* Data
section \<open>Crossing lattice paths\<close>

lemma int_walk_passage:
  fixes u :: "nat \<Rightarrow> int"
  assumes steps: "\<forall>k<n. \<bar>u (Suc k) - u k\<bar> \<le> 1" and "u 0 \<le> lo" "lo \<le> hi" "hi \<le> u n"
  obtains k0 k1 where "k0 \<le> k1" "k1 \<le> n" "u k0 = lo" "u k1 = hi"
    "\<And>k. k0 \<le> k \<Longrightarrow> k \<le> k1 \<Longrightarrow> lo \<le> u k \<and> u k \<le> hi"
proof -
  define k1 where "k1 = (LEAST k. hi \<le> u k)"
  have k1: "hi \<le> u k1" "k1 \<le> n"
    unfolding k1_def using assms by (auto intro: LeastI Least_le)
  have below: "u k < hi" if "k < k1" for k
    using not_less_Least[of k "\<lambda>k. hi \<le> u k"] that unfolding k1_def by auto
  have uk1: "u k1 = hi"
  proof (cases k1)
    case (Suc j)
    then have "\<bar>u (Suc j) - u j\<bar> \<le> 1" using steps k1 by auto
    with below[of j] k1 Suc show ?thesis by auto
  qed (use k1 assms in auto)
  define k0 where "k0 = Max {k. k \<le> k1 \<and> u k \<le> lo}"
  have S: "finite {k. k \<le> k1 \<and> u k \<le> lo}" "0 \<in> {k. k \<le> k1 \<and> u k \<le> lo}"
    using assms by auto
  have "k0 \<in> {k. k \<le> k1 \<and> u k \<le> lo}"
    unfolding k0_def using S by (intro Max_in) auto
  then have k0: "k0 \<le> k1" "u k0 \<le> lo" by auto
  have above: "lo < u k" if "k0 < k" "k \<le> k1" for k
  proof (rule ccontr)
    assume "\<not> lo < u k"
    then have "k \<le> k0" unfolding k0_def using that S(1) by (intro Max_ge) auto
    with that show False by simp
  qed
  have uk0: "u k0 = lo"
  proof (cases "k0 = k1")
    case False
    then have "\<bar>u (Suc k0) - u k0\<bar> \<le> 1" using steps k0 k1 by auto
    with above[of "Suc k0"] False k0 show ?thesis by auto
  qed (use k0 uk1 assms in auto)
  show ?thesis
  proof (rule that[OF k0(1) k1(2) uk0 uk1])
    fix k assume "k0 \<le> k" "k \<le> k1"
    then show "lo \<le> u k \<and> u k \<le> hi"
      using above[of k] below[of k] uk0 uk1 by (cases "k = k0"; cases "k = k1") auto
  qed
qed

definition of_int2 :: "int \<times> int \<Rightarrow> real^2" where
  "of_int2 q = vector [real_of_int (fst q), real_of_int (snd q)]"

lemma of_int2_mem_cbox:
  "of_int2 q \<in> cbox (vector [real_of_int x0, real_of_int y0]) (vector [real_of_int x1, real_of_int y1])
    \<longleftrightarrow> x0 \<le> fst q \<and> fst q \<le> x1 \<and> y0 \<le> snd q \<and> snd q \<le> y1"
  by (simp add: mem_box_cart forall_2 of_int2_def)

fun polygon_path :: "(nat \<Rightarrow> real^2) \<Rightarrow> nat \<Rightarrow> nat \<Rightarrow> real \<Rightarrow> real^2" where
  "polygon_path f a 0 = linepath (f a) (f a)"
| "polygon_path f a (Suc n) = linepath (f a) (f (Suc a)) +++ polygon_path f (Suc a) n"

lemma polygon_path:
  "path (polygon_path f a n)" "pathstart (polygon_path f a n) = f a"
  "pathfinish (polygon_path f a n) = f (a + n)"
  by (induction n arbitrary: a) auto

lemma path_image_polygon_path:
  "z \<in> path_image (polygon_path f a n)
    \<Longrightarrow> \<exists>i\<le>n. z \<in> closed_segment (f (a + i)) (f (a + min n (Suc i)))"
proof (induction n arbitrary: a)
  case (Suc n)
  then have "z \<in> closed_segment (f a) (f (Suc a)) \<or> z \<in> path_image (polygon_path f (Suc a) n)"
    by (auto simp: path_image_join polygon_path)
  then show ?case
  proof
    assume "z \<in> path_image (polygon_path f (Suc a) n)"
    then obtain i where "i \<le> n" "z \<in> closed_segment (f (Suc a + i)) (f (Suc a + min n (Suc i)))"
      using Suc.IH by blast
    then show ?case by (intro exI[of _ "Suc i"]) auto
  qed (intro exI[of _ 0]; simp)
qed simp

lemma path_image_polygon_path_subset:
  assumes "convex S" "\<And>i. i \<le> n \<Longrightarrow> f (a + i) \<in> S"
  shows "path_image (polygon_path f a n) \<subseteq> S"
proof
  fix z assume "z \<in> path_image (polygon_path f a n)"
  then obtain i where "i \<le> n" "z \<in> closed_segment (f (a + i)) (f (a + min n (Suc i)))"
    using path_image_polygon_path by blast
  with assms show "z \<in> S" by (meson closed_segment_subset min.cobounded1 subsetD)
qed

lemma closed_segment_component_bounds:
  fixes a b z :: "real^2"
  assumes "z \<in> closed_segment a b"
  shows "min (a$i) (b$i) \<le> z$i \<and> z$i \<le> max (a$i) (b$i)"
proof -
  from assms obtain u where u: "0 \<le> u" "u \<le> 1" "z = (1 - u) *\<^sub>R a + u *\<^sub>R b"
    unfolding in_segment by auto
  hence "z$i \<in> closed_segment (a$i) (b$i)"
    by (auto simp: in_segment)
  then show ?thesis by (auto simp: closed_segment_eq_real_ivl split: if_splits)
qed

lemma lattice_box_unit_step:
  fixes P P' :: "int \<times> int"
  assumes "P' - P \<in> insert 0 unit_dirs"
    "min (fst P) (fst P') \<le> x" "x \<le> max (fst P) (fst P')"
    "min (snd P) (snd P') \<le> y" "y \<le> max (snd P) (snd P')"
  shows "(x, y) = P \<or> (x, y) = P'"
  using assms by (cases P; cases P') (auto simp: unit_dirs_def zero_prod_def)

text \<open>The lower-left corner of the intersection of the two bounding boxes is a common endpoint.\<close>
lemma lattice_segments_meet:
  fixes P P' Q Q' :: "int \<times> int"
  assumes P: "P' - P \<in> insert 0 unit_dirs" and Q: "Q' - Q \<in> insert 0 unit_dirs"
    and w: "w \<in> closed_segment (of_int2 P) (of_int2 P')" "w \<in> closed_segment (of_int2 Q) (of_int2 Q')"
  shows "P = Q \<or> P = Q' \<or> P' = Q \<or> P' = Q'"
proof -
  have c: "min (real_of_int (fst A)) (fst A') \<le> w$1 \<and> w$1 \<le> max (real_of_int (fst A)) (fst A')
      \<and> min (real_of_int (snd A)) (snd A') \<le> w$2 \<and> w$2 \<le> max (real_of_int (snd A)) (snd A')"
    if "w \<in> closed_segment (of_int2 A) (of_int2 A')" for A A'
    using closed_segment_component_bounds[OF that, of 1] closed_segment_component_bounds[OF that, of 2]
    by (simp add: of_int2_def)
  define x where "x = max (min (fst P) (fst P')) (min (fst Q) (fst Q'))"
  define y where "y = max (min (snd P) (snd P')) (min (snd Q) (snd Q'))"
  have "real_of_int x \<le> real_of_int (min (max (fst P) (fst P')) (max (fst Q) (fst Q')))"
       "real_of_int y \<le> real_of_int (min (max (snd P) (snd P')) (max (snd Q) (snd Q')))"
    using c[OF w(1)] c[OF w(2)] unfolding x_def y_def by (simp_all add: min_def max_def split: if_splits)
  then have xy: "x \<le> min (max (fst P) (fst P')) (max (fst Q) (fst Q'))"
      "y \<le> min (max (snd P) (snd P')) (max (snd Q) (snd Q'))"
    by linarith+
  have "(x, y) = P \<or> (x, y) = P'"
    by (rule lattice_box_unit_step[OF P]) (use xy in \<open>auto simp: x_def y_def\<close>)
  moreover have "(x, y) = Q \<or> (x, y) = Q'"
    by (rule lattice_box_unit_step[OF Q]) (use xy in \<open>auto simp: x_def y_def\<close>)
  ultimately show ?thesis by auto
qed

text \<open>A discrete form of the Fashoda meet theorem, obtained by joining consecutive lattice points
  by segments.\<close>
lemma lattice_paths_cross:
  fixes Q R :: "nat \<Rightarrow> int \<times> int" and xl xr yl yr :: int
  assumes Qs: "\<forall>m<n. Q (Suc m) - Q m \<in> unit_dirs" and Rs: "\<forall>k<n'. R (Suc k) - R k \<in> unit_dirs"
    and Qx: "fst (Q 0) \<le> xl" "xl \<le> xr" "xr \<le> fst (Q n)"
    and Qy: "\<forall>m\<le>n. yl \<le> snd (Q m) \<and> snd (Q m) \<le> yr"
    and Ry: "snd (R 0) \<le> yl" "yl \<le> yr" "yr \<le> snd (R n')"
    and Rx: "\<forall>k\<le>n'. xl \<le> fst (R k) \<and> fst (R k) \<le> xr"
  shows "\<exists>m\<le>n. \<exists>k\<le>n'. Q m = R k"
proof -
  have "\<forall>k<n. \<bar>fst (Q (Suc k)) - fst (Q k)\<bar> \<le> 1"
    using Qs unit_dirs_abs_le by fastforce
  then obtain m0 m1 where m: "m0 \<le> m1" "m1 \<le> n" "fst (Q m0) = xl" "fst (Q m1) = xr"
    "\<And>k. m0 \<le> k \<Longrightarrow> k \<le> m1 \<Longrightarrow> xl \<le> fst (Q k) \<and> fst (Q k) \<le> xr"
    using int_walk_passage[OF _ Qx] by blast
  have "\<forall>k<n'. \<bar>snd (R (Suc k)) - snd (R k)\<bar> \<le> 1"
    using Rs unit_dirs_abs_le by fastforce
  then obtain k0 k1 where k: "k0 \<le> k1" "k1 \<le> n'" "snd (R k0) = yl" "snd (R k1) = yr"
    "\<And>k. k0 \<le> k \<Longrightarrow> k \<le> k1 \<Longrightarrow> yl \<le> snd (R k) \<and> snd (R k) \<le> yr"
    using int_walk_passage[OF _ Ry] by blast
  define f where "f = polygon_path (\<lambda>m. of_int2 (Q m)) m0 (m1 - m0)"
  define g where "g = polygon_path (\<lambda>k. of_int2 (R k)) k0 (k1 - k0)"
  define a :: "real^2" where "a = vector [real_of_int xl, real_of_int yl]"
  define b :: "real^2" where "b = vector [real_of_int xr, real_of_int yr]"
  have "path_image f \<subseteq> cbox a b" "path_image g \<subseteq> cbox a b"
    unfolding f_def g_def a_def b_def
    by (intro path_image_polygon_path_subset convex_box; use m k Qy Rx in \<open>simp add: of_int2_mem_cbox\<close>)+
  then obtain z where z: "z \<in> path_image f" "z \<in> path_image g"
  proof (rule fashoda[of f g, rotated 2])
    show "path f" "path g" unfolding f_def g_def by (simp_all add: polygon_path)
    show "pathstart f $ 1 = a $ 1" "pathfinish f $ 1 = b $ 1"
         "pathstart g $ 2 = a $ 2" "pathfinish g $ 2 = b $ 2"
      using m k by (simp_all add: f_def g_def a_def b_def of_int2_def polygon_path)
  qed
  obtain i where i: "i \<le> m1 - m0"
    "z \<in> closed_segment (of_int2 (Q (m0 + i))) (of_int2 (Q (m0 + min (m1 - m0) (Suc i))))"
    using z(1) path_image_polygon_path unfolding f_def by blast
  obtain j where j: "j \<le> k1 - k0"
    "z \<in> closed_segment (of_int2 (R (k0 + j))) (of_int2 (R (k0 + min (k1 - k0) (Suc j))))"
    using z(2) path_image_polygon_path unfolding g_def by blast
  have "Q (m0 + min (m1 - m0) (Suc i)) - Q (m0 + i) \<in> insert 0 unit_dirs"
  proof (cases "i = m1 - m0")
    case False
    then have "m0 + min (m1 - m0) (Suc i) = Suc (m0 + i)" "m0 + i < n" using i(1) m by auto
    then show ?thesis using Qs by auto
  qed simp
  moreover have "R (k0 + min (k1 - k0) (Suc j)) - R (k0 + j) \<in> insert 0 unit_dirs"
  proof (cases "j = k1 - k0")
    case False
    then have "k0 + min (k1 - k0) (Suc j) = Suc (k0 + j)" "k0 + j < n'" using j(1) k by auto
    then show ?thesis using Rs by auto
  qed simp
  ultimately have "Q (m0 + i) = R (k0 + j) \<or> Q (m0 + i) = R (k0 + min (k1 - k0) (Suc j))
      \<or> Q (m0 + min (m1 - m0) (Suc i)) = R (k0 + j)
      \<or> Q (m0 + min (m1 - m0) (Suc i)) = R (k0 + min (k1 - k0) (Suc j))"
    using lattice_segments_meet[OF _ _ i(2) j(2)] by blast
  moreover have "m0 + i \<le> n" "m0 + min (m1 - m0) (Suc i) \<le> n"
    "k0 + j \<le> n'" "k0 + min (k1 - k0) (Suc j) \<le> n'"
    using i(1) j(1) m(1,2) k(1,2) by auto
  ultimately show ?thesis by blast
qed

* Description of the task
How many lines of the entries include the string "open"? Answer with a number and no other words.

* Exercise output
6